Some say that ministry is a lonely road, and they’re right.  One of the things they don’t bother to tell you while you’re in college, especially in ministry prep courses, is just how lonely the road can be after graduation.  A lot of recent college graduates I’ve talked to have said the same thing.  They just didn’t know how hard and lonely it would be!

Think about it:  The push in college is not only to get your degree so that you can get that dream job, but to invest in wonderful, life-long friends.  But guess what?  When graduation day comes, the friends usually disperse all over as the Lord calls them separate ways.  Sure, we remain friends, albeit from a distance, but what do we do when we find ourselves in a completely new place with no friends and no connections?  Who do we connect with?  Who do we befriend?

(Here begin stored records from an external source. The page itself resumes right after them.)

(* Let $p>1$ be an integer, let $d_1,\dots,d_p\in(0,\tfrac12)$, and let $(\varepsilon_t)_{t\in\mathbb{Z}}$ be a zero-mean white noise (pairwise uncorrelated, $E\varepsilon_t=0$) with finite variances $\sigma_t^2$ satisfying $\sigma_{t+p}^2=\sigma_t^2$. Write each $t\in\mathbb{Z}$ uniquely as $t=i+pm$ with $i\in\{1,\dots,p\}$, $m\in\mathbb{Z}$, and define the process $X_{i+pm}=\sum_{j=0}^{\infty}\psi_j^i\varepsilon_{i+pm-j}$ (limit in $L^2$), where $\psi_j^i=\frac{\Gamma(j+d_i)}{\Gamma(j+1)\Gamma(d_i)}$. Let $\pi_j^i=\frac{\Gamma(j-d_i)}{\Gamma(j+1)\Gamma(-d_i)}$. Then for every $i\in\{1,\dots,p\}$ and $m\in\mathbb{Z}$, the series $\sum_{j=0}^{\infty}\pi_j^iX_{i+pm-j}$ converges in quadratic mean.
   Context: $(X_t)$ is the periodic fractionally integrated process PtvARFIMA$_p(0,d_t,0)$, i.e. the causal solution of $(1-B)^{d_i}X_{i+pm}=\varepsilon_{i+pm}$ with $B$ the backshift operator; the series $\sum_j\pi_j^iX_{i+pm-j}$ is the infinite autoregressive representation $(1-B)^{d_i}X_{i+pm}$. *)

theory Defs
  imports "HOL-Probability.Probability"
begin

(* psi_j^i = Gamma(j+d)/(Gamma(j+1) Gamma(d)),  MA(infinity) coefficients of (1-B)^(-d) *)
definition psi_coef :: "real \<Rightarrow> nat \<Rightarrow> real" where
  "psi_coef d j = Gamma (real j + d) / (Gamma (real j + 1) * Gamma d)"

(* pi_j^i = Gamma(j-d)/(Gamma(j+1) Gamma(-d)),  AR(infinity) coefficients of (1-B)^d *)
definition pi_coef :: "real \<Rightarrow> nat \<Rightarrow> real" where
  "pi_coef d j = Gamma (real j - d) / (Gamma (real j + 1) * Gamma (- d))"

definition conv_qm :: "'a measure \<Rightarrow> (nat \<Rightarrow> 'a \<Rightarrow> real) \<Rightarrow> bool" where
  "conv_qm M S \<longleftrightarrow> (\<exists>Y. Y \<in> borel_measurable M \<and> integrable M (\<lambda>\<omega>. (Y \<omega>)\<^sup>2) \<and>
      ((\<lambda>n. \<integral>\<omega>. (S n \<omega> - Y \<omega>)\<^sup>2 \<partial>M) \<longlonglongrightarrow> 0))"

end

theory Submission
  imports Defs
begin

(* The AR(infinity) coefficients of (1 - B)^d satisfy pi_0 = 1 and pi_j <= 0 for j >= 1, while
   their partial sums Gamma(n + 1 - d) / (Gamma(n + 1) Gamma(1 - d)) stay positive; hence
   sum_j |pi_j| <= 2.  The second moments of X are uniformly bounded: X_(i+pm) is the L^2 limit of
   partial sums whose second moments sum_j psi_j^2 sigma_(t-j)^2 do not depend on m, by
   orthogonality of the noise and periodicity of its variance.  Finally, a series with absolutely
   summable coefficients and uniformly L^2-bounded terms converges in L^2: by a weighted
   Cauchy-Schwarz inequality its tails are dominated by (sum_j |c_j|) (sum_j |c_j| x_j^2), which
   is integrable, and dominated convergence applies. *)

section \<open>The autoregressive coefficients\<close>

lemma Gamma_minus_eq:
  fixes d :: real
  assumes "0 < d" "d < 1"
  shows "Gamma (- d) = - Gamma (1 - d) / d"
proof -
  have "- d \<notin> \<int>\<^sub>\<le>\<^sub>0"
  proof
    assume "- d \<in> \<int>\<^sub>\<le>\<^sub>0"
    then obtain n :: int where "- d = of_int n"
      by (auto elim: nonpos_Ints_cases)
    with assms have "-1 < n" "n < 0"
      by linarith+
    then show False
      by linarith
  qed
  then have "Gamma (1 - d) = - d * Gamma (- d)"
    using Gamma_plus1[of "- d"] by simp
  with assms show ?thesis
    by (simp add: field_simps)
qed

lemma Gamma_minus_neg:
  fixes d :: real
  assumes "0 < d" "d < 1"
  shows "Gamma (- d) < 0"
  using assms by (simp add: Gamma_minus_eq divide_neg_pos)

lemma pi_coef_0:
  assumes "0 < d" "d < 1"
  shows "pi_coef d 0 = 1"
  using Gamma_minus_neg[OF assms] by (simp add: pi_coef_def)

lemma pi_coef_nonpos:
  assumes "0 < d" "d < 1" "0 < j"
  shows "pi_coef d j \<le> 0"
  unfolding pi_coef_def using assms Gamma_minus_neg[OF assms(1,2)]
  by (intro divide_nonneg_neg less_imp_le mult_pos_neg) auto

lemma sum_pi_coef:
  fixes d :: real
  assumes "0 < d" "d < 1"
  shows "(\<Sum>j\<le>n. pi_coef d j) = Gamma (real n + 1 - d) / (Gamma (real n + 1) * Gamma (1 - d))"
proof (induction n)
  case 0
  have "Gamma (1 - d) \<noteq> 0"
    using Gamma_real_pos[of "1 - d"] assms by linarith
  then show ?case
    by (simp add: pi_coef_0[OF assms])
next
  case (Suc n)
  have Gamma_succ: "Gamma (x + 1) = x * Gamma x" if "x > 0" for x :: real
    using that by (intro Gamma_plus1) (auto dest: nonpos_Ints_nonpos)
  have pos: "Gamma (real n + 1) > 0" "Gamma (real n + 1 - d) > 0" "Gamma (1 - d) > 0"
    "real n + 1 > 0"
    using assms by (auto intro!: Gamma_real_pos)
  have Gamma_Suc: "Gamma (real (Suc n) + 1) = (real n + 1) * Gamma (real n + 1)"
    "Gamma (real (Suc n) + 1 - d) = (real n + 1 - d) * Gamma (real n + 1 - d)"
    using Gamma_succ[of "real n + 1"] Gamma_succ[of "real n + 1 - d"] assms
    by (simp_all add: algebra_simps)
  let ?Q = "Gamma (real n + 1 - d) / (Gamma (real n + 1) * Gamma (1 - d))"
  have "(\<Sum>j\<le>Suc n. pi_coef d j) = ?Q + pi_coef d (Suc n)"
    using Suc by simp
  also have "pi_coef d (Suc n) = - d / (real n + 1) * ?Q"
    using Gamma_Suc pos assms by (simp add: pi_coef_def Gamma_minus_eq field_simps)
  also have "q + - d / (real n + 1) * q = (real n + 1 - d) / (real n + 1) * q" for q
    using pos(4) by (simp add: field_simps)
  also have "(real n + 1 - d) / (real n + 1) * ?Q
      = Gamma (real (Suc n) + 1 - d) / (Gamma (real (Suc n) + 1) * Gamma (1 - d))"
    unfolding Gamma_Suc by (simp add: mult.assoc)
  finally show ?case .
qed

lemma summable_abs_pi_coef:
  fixes d :: real
  assumes "0 < d" "d < 1"
  shows "summable (\<lambda>j. \<bar>pi_coef d j\<bar>)"
proof (rule summableI_nonneg_bounded)
  fix n
  have "\<bar>pi_coef d j\<bar> = 2 * of_bool (j = 0) - pi_coef d j" for j
    using pi_coef_0[OF assms] pi_coef_nonpos[OF assms, of j] by auto
  then have "(\<Sum>j\<le>n. \<bar>pi_coef d j\<bar>) = 2 - (\<Sum>j\<le>n. pi_coef d j)"
    by (simp add: sum_subtractf sum.distrib)
  moreover have "0 < (\<Sum>j\<le>n. pi_coef d j)"
    unfolding sum_pi_coef[OF assms] using assms by (simp add: Gamma_real_pos)
  moreover have "(\<Sum>j<n. \<bar>pi_coef d j\<bar>) \<le> (\<Sum>j\<le>n. \<bar>pi_coef d j\<bar>)"
    by (intro sum_mono2) auto
  ultimately show "(\<Sum>j<n. \<bar>pi_coef d j\<bar>) \<le> 2"
    by linarith
qed simp

section \<open>Mean-square convergence of absolutely summable series\<close>

lemma sum_square_le_weighted:
  fixes c y :: "'i \<Rightarrow> real"
  shows "(\<Sum>i\<in>I. c i * y i)\<^sup>2 \<le> (\<Sum>i\<in>I. \<bar>c i\<bar>) * (\<Sum>i\<in>I. \<bar>c i\<bar> * (y i)\<^sup>2)"
proof -
  have "\<bar>\<Sum>i\<in>I. c i * y i\<bar> \<le> (\<Sum>i\<in>I. \<bar>c i\<bar> * \<bar>y i\<bar>)"
    using sum_abs[of "\<lambda>i. c i * y i" I] by (simp add: abs_mult)
  also have "\<dots> = \<bar>\<Sum>i\<in>I. sqrt \<bar>c i\<bar> * (sqrt \<bar>c i\<bar> * \<bar>y i\<bar>)\<bar>"
    by (simp add: sum_nonneg flip: mult.assoc)
  finally have "(\<Sum>i\<in>I. c i * y i)\<^sup>2 \<le> (\<Sum>i\<in>I. sqrt \<bar>c i\<bar> * (sqrt \<bar>c i\<bar> * \<bar>y i\<bar>))\<^sup>2"
    unfolding abs_le_square_iff .
  also have "\<dots> \<le> (\<Sum>i\<in>I. (sqrt \<bar>c i\<bar>)\<^sup>2) * (\<Sum>i\<in>I. (sqrt \<bar>c i\<bar> * \<bar>y i\<bar>)\<^sup>2)"
    by (rule Cauchy_Schwarz_ineq_sum)
  also have "\<dots> = (\<Sum>i\<in>I. \<bar>c i\<bar>) * (\<Sum>i\<in>I. \<bar>c i\<bar> * (y i)\<^sup>2)"
    by (simp add: power_mult_distrib)
  finally show ?thesis .
qed

lemma summable_mult_of_weighted_square:
  fixes c y :: "nat \<Rightarrow> real"
  assumes "summable (\<lambda>j. \<bar>c j\<bar>)" "summable (\<lambda>j. \<bar>c j\<bar> * (y j)\<^sup>2)"
  shows "summable (\<lambda>j. c j * y j)"
proof (rule summable_comparison_test')
  show "summable (\<lambda>j. \<bar>c j\<bar> + \<bar>c j\<bar> * (y j)\<^sup>2)"
    using assms by (rule summable_add)
  fix j
  have "\<bar>y j\<bar> \<le> 1 + (y j)\<^sup>2"
    using sum_squares_bound[of "\<bar>y j\<bar>" 1] by simp
  then have "\<bar>c j\<bar> * \<bar>y j\<bar> \<le> \<bar>c j\<bar> * (1 + (y j)\<^sup>2)"
    by (rule mult_left_mono) simp
  then show "norm (c j * y j) \<le> \<bar>c j\<bar> + \<bar>c j\<bar> * (y j)\<^sup>2"
    by (simp add: abs_mult distrib_left)
qed

lemma suminf_tail_square_le:
  fixes c y :: "nat \<Rightarrow> real"
  assumes c: "summable (\<lambda>j. \<bar>c j\<bar>)" and cy: "summable (\<lambda>j. \<bar>c j\<bar> * (y j)\<^sup>2)"
  shows "((\<Sum>j. c j * y j) - (\<Sum>j<n. c j * y j))\<^sup>2 \<le> (\<Sum>j. \<bar>c j\<bar>) * (\<Sum>j. \<bar>c j\<bar> * (y j)\<^sup>2)"
proof (rule LIMSEQ_le_const2)
  have "(\<lambda>N. (\<Sum>j<N. c j * y j) - (\<Sum>j<n. c j * y j)) \<longlonglongrightarrow> (\<Sum>j. c j * y j) - (\<Sum>j<n. c j * y j)"
    using summable_LIMSEQ[OF summable_mult_of_weighted_square[OF c cy]] by (rule tendsto_diff) simp
  moreover have "\<forall>\<^sub>F N in sequentially. (\<Sum>j<N. c j * y j) - (\<Sum>j<n. c j * y j) = (\<Sum>j\<in>{n..<N}. c j * y j)"
    unfolding eventually_sequentially lessThan_atLeast0
    by (intro exI[of _ n] allI impI sum_diff_nat_ivl) simp_all
  ultimately have "(\<lambda>N. \<Sum>j\<in>{n..<N}. c j * y j) \<longlonglongrightarrow> (\<Sum>j. c j * y j) - (\<Sum>j<n. c j * y j)"
    by (rule Lim_transform_eventually)
  then show "(\<lambda>N. (\<Sum>j\<in>{n..<N}. c j * y j)\<^sup>2) \<longlonglongrightarrow> ((\<Sum>j. c j * y j) - (\<Sum>j<n. c j * y j))\<^sup>2"
    by (rule tendsto_power)
  show "\<exists>N0. \<forall>N\<ge>N0. (\<Sum>j\<in>{n..<N}. c j * y j)\<^sup>2 \<le> (\<Sum>j. \<bar>c j\<bar>) * (\<Sum>j. \<bar>c j\<bar> * (y j)\<^sup>2)"
  proof (intro exI allI impI)
    fix N
    have "(\<Sum>j\<in>{n..<N}. c j * y j)\<^sup>2 \<le> (\<Sum>j\<in>{n..<N}. \<bar>c j\<bar>) * (\<Sum>j\<in>{n..<N}. \<bar>c j\<bar> * (y j)\<^sup>2)"
      by (rule sum_square_le_weighted)
    also have "\<dots> \<le> (\<Sum>j. \<bar>c j\<bar>) * (\<Sum>j. \<bar>c j\<bar> * (y j)\<^sup>2)"
      using c cy by (intro mult_mono sum_le_suminf sum_nonneg suminf_nonneg) auto
    finally show "(\<Sum>j\<in>{n..<N}. c j * y j)\<^sup>2 \<le> (\<Sum>j. \<bar>c j\<bar>) * (\<Sum>j. \<bar>c j\<bar> * (y j)\<^sup>2)" .
  qed
qed

lemma integrable_mult_of_square_integrable:
  fixes f g :: "'a \<Rightarrow> real"
  assumes [measurable]: "f \<in> borel_measurable M" "g \<in> borel_measurable M"
    and "integrable M (\<lambda>x. (f x)\<^sup>2)" "integrable M (\<lambda>x. (g x)\<^sup>2)"
  shows "integrable M (\<lambda>x. f x * g x)"
proof (rule Bochner_Integration.integrable_bound)
  show "integrable M (\<lambda>x. (f x)\<^sup>2 + (g x)\<^sup>2)"
    using assms by simp
  have "\<bar>a * b\<bar> \<le> a\<^sup>2 + b\<^sup>2" for a b :: real
  proof -
    have "2 * (\<bar>a\<bar> * \<bar>b\<bar>) \<le> a\<^sup>2 + b\<^sup>2"
      using sum_squares_bound[of "\<bar>a\<bar>" "\<bar>b\<bar>"] by (simp add: mult.assoc)
    moreover have "0 \<le> \<bar>a\<bar> * \<bar>b\<bar>"
      by simp
    ultimately show ?thesis
      unfolding abs_mult by linarith
  qed
  then show "AE x in M. norm (f x * g x) \<le> norm ((f x)\<^sup>2 + (g x)\<^sup>2)"
    by simp
qed simp

lemma square_integrable_diff:
  fixes f g :: "'a \<Rightarrow> real"
  assumes [measurable]: "f \<in> borel_measurable M" "g \<in> borel_measurable M"
    and "integrable M (\<lambda>x. (f x)\<^sup>2)" "integrable M (\<lambda>x. (g x)\<^sup>2)"
  shows "integrable M (\<lambda>x. (f x - g x)\<^sup>2)"
  using assms integrable_mult_of_square_integrable[of f M g] by (simp add: power2_diff mult.assoc)

lemma square_integrable_sum:
  fixes f :: "'i \<Rightarrow> 'a \<Rightarrow> real"
  assumes [measurable]: "\<And>j. j \<in> A \<Longrightarrow> f j \<in> borel_measurable M"
    and "\<And>j. j \<in> A \<Longrightarrow> integrable M (\<lambda>x. (f j x)\<^sup>2)"
  shows "integrable M (\<lambda>x. (\<Sum>j\<in>A. f j x)\<^sup>2)"
proof -
  have sq: "(\<lambda>x. (\<Sum>j\<in>A. f j x)\<^sup>2) = (\<lambda>x. \<Sum>j\<in>A. \<Sum>k\<in>A. f j x * f k x)"
    by (simp add: power2_eq_square sum_product)
  show ?thesis
    unfolding sq using assms
    by (intro Bochner_Integration.integrable_sum integrable_mult_of_square_integrable) auto
qed

lemma integral_square_le_twice:
  fixes f g :: "'a \<Rightarrow> real"
  assumes [measurable]: "f \<in> borel_measurable M" "g \<in> borel_measurable M"
    and "integrable M (\<lambda>x. (f x)\<^sup>2)" "integrable M (\<lambda>x. (g x)\<^sup>2)"
  shows "(\<integral>x. (f x)\<^sup>2 \<partial>M) \<le> 2 * (\<integral>x. (f x - g x)\<^sup>2 \<partial>M) + 2 * (\<integral>x. (g x)\<^sup>2 \<partial>M)"
proof -
  have "(a::real)\<^sup>2 \<le> 2 * (a - b)\<^sup>2 + 2 * b\<^sup>2" for a b
    using zero_le_power2[of "a - 2 * b"] by (simp add: power2_eq_square algebra_simps)
  then have "(\<integral>x. (f x)\<^sup>2 \<partial>M) \<le> (\<integral>x. 2 * (f x - g x)\<^sup>2 + 2 * (g x)\<^sup>2 \<partial>M)"
    using assms square_integrable_diff[of f M g] by (intro integral_mono) auto
  then show ?thesis
    using assms square_integrable_diff[of f M g] by simp
qed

Those who walk into ministry as singles face this in an especially potent way.  As the Lord calls us to new territory where we know no one, we can face deep loneliness.  Often times, we don’t have the opportunity to go serve with our best friend or with our closest loved ones.  (Maybe it’s just me, but I think that this applies to others too.  If you agree, can I get a shout out down below?)  Granted, the role of the single adult in the Church and the Kingdom of God are important and vital.  It is a key calling, but it is a hard and lonely one.

Yet despite the loneliness that can come with the calling to ministry, God is always present and always with us.  Even when the loneliness is overwhelming, He IS there!  We are given an opportunity to press into Him in a unique ways and to depend on Him more fully.  The challenge is will we take the opportunity and actually do it?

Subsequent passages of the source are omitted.